* [Collected data entries]
########

(* For $1\le t\le N$, under the standing assumptions, if $\gamma<\frac1{\alpha_B\mathrm{tr}(\mathbf H^{(q)})}$ then $$\mathcal M_B^{(q)}\circ\mathbf S_t\preceq\frac{\alpha_B\,\mathrm{tr}\big([\mathcal I-(\mathcal I-\gamma\widetilde{\mathcal T}^{(q)})^t]\circ\mathbf B_0\big)}{\gamma(1-\gamma\alpha_B\mathrm{tr}(\mathbf H^{(q)}))}\,\mathbf H^{(q)}.$$
   Context: $\mathbf H^{(q)}=\mathbb E[\mathcal Q_d(\mathbf x)\mathcal Q_d(\mathbf x)^\top]$ (positive definite, finite trace), where $\mathcal Q_d$ is an unbiased random data quantizer; $\mathbf X^{(q)}=\mathcal Q_d(\mathbf X)$ for a batch $\mathbf X$ of $B$ i.i.d. samples, each row quantized independently. Linear operators on symmetric matrices $\mathbf A$: $\mathcal I\circ\mathbf A=\mathbf A$; $\mathcal M_B^{(q)}\circ\mathbf A=\mathbb E[\frac1{B^2}\mathbf X^{(q)\top}\mathbf X^{(q)}\mathbf A\mathbf X^{(q)\top}\mathbf X^{(q)}]$; $\mathcal T_B^{(q)}$ defined by $(\mathcal I-\gamma\mathcal T_B^{(q)})\circ\mathbf A=\mathbb E[(\mathbf I-\frac{\gamma}{B}\mathbf X^{(q)\top}\mathbf X^{(q)})\mathbf A(\mathbf I-\frac{\gamma}{B}\mathbf X^{(q)\top}\mathbf X^{(q)})]$; $\widetilde{\mathcal T}^{(q)}$ defined by $(\mathcal I-\gamma\widetilde{\mathcal T}^{(q)})\circ\mathbf A=(\mathbf I-\gamma\mathbf H^{(q)})\mathbf A(\mathbf I-\gamma\mathbf H^{(q)})$. Fourth-moment assumption: for all PSD $\mathbf A$, $\mathcal M_B^{(q)}\circ\mathbf A\preceq\alpha_B\mathrm{tr}(\mathbf H^{(q)}\mathbf A)\mathbf H^{(q)}$. $\mathbf B_0=\mathbb E[\boldsymbol\eta_0\otimes\boldsymbol\eta_0]$ with $\boldsymbol\eta_0=\mathbf w_0-\mathbf w^{(q)*}$, $\mathbf B_t=(\mathcal I-\gamma\mathcal T_B^{(q)})^t\circ\mathbf B_0$, $\mathbf S_t=\sum_{k=0}^{t-1}\mathbf B_k$. *)

theory Defs
  imports "HOL-Analysis.Analysis" "HOL-Probability.Probability"
begin

definition psd :: "real^'n^'n \<Rightarrow> bool" where
  "psd A \<longleftrightarrow> transpose A = A \<and> (\<forall>x. 0 \<le> x \<bullet> (A *v x))"

definition pos_def :: "real^'n^'n \<Rightarrow> bool" where
  "pos_def A \<longleftrightarrow> transpose A = A \<and> (\<forall>x. x \<noteq> 0 \<longrightarrow> 0 < x \<bullet> (A *v x))"

definition loewner_le :: "real^'n^'n \<Rightarrow> real^'n^'n \<Rightarrow> bool" (infix "\<preceq>\<^sub>L" 50) where
  "A \<preceq>\<^sub>L B \<longleftrightarrow> psd (B - A)"

definition outer :: "real^'n \<Rightarrow> real^'n \<Rightarrow> real^'n^'n" where
  "outer u v = (\<chi> i j. u $ i * v $ j)"

definition mat_expect :: "'a measure \<Rightarrow> ('a \<Rightarrow> real^'n^'m) \<Rightarrow> real^'n^'m" where
  "mat_expect M F = (\<chi> i j. \<integral>\<omega>. F \<omega> $ i $ j \<partial>M)"

text \<open>Batch size B = CARD('b); the quantized batch X^(q) : \<omega> \<mapsto> real^'n^'b (rows = samples).\<close>
definition gram :: "real^'n^'b \<Rightarrow> real^'n^'n" where
  "gram X = transpose X ** X"

definition M_op :: "'a measure \<Rightarrow> ('a \<Rightarrow> real^'n^'b::finite) \<Rightarrow> real^'n^'n \<Rightarrow> real^'n^'n" where
  "M_op M Xq A = mat_expect M (\<lambda>\<omega>. (1 / (real CARD('b))^2) *\<^sub>R (gram (Xq \<omega>) ** A ** gram (Xq \<omega>)))"

definition IT_op :: "'a measure \<Rightarrow> ('a \<Rightarrow> real^'n^'b::finite) \<Rightarrow> real \<Rightarrow> real^'n^'n \<Rightarrow> real^'n^'n" where
  "IT_op M Xq \<gamma> A = mat_expect M (\<lambda>\<omega>.
     (mat 1 - (\<gamma> / real CARD('b)) *\<^sub>R gram (Xq \<omega>)) ** A ** (mat 1 - (\<gamma> / real CARD('b)) *\<^sub>R gram (Xq \<omega>)))"

definition ITt_op :: "real^'n^'n \<Rightarrow> real \<Rightarrow> real^'n^'n \<Rightarrow> real^'n^'n" where
  "ITt_op H \<gamma> A = (mat 1 - \<gamma> *\<^sub>R H) ** A ** (mat 1 - \<gamma> *\<^sub>R H)"

definition B_iter :: "'a measure \<Rightarrow> ('a \<Rightarrow> real^'n^'b::finite) \<Rightarrow> real \<Rightarrow> real^'n^'n \<Rightarrow> nat \<Rightarrow> real^'n^'n" where
  "B_iter M Xq \<gamma> B0 t = (IT_op M Xq \<gamma> ^^ t) B0"

definition S_sum :: "'a measure \<Rightarrow> ('a \<Rightarrow> real^'n^'b::finite) \<Rightarrow> real \<Rightarrow> real^'n^'n \<Rightarrow> nat \<Rightarrow> real^'n^'n" where
  "S_sum M Xq \<gamma> B0 t = (\<Sum>k<t. B_iter M Xq \<gamma> B0 k)"

end

theory Submission
  imports Defs
begin

(* Write C for ITt_op H gamma, i.e. C A = (I - gamma H) A (I - gamma H). Expanding the square
   inside the expectation splits the step operator as IT_op A = C A + gamma^2 (M A - H A H), so the
   fourth-moment bound gives B_(k+1) <= C B_k + gamma^2 alpha tr(H B_k) H in the Loewner order.
   Unrolling and pairing with H bounds tr(H B_j) by tr(H C^j B_0) plus a convolution of the earlier
   tr(H B_i) with the kernel tr(H C^k H). Since H^2 <= M I <= alpha tr(H) H, the matrix H - gamma
   H^2 is psd, and then gamma * sum_(k<n) tr(H C^k Y) telescopes to at most tr Y - tr(C^n Y). With
   Y = H the kernel sums to at most tr H / gamma, so s = tr(H S_t) satisfies s <= tr(B_0 - C^t B_0)
   / gamma + gamma alpha tr(H) s; solving for s and applying the fourth-moment bound to S_t gives
   the claim. *)

lemma matrix_add_rdistrib: "(A + B) ** C = A ** C + B ** (C :: 'a::semiring_1^'p^'n)"
  by (simp add: vec_eq_iff matrix_matrix_mult_def sum.distrib distrib_right)

lemma matrix_diff_ldistrib: "A ** (B - C) = A ** B - A ** (C :: 'a::ring_1^'p^'n)"
  by (simp add: vec_eq_iff matrix_matrix_mult_def sum_subtractf right_diff_distrib)

lemma matrix_diff_rdistrib: "(A - B) ** C = A ** C - B ** (C :: 'a::ring_1^'p^'n)"
  by (simp add: vec_eq_iff matrix_matrix_mult_def sum_subtractf left_diff_distrib)

lemma matrix_sum_ldistrib: "A ** (\<Sum>k\<in>S. F k) = (\<Sum>k\<in>S. A ** (F k :: 'a::semiring_1^'p^'n))"
  by (induction S rule: infinite_finite_induct) (simp_all add: matrix_add_ldistrib)

lemmas matrix_algebra_simps =
  matrix_add_ldistrib matrix_add_rdistrib matrix_diff_ldistrib matrix_diff_rdistrib
  scalar_matrix_assoc[symmetric] matrix_scalar_ac matrix_mul_assoc

lemma transpose_add: "transpose (A + B) = transpose A + transpose B"
  by (simp add: vec_eq_iff transpose_def)

lemma transpose_diff: "transpose (A - B) = transpose A - transpose (B :: 'a::ab_group_add^'n^'m)"
  by (simp add: vec_eq_iff transpose_def)

lemma trace_scaleR: "trace (c *\<^sub>R A) = c * trace (A :: real^'n^'n)"
  by (simp add: trace_def sum_distrib_left)

lemma trace_sum: "trace (\<Sum>k\<in>S. F k) = (\<Sum>k\<in>S. trace (F k :: 'a::comm_semiring_1^'n^'n))"
  by (induction S rule: infinite_finite_induct) (simp_all add: trace_add trace_0[unfolded mat_0])

lemma inner_transpose_mult: "x \<bullet> (transpose C *v y) = (C *v x) \<bullet> (y :: real^'n)"
  by (simp add: dot_lmul_matrix[symmetric] inner_commute)

lemma psd_add: "psd A \<Longrightarrow> psd B \<Longrightarrow> psd (A + B)"
  unfolding psd_def by (simp add: matrix_vector_mult_add_rdistrib inner_add_right transpose_add)

lemma psd_scaleR: "psd A \<Longrightarrow> 0 \<le> c \<Longrightarrow> psd (c *\<^sub>R A)"
  unfolding psd_def by (simp add: transpose_scalar scaleR_matrix_vector_assoc[symmetric])

lemma psd_0: "psd 0"
  unfolding psd_def by (simp add: transpose_def vec_eq_iff)

lemma psd_sum: "(\<And>k. k \<in> S \<Longrightarrow> psd (F k)) \<Longrightarrow> psd (\<Sum>k\<in>S. F k)"
  by (induction S rule: infinite_finite_induct) (simp_all add: psd_0 psd_add)

lemma psd_mat_1: "psd (mat 1)"
  unfolding psd_def by simp

lemma psd_congruence:
  assumes "psd A"
  shows "psd (transpose C ** A ** C)"
proof -
  have "x \<bullet> ((transpose C ** A ** C) *v x) = (C *v x) \<bullet> (A *v (C *v x))" for x
    by (simp only: matrix_vector_mul_assoc[symmetric] inner_transpose_mult)
  then show ?thesis
    using assms unfolding psd_def by (simp add: matrix_transpose_mul matrix_mul_assoc)
qed

lemma psd_sandwich: "psd A \<Longrightarrow> transpose C = C \<Longrightarrow> psd (C ** A ** C)"
  using psd_congruence[of A C] by simp

lemma psd_outer: "psd (outer v v)"
proof -
  have "outer v v *v x = (v \<bullet> x) *\<^sub>R v" for x
    by (simp add: vec_eq_iff matrix_vector_mult_def outer_def inner_vec_def sum_distrib_left mult_ac)
  moreover have "transpose (outer v v) = outer v v"
    by (simp add: vec_eq_iff transpose_def outer_def mult.commute)
  ultimately show ?thesis
    unfolding psd_def by (simp add: inner_commute)
qed

lemma loewner_le_trans [trans]: "A \<preceq>\<^sub>L B \<Longrightarrow> B \<preceq>\<^sub>L C \<Longrightarrow> A \<preceq>\<^sub>L C"
  unfolding loewner_le_def using psd_add[of "B - A" "C - B"] by simp

lemma loewner_le_scaleR_right: "psd H \<Longrightarrow> c \<le> d \<Longrightarrow> c *\<^sub>R H \<preceq>\<^sub>L d *\<^sub>R H"
  unfolding loewner_le_def using psd_scaleR[of H "d - c"] by (simp add: scaleR_diff_left)

(* The dual cone of the psd cone. It is the psd cone itself, but that needs a spectral decomposition;
   the matrices we place in it (H and B0) are second moments, which lie in it directly. *)
definition psd_dual :: "real^'n^'n \<Rightarrow> bool" where
  "psd_dual Y \<longleftrightarrow> (\<forall>K. psd K \<longrightarrow> 0 \<le> trace (K ** Y))"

########

* [Instructions to follow] Make a list of all lines in the data that contain "lambda".

* [Solved exercise]
  "M_op M Xq A = mat_expect M (\<lambda>\<omega>. (1 / (real CARD('b))^2) *\<^sub>R (gram (Xq \<omega>) ** A ** gram (Xq \<omega>)))"
  "IT_op M Xq \<gamma> A = mat_expect M (\<lambda>\<omega>.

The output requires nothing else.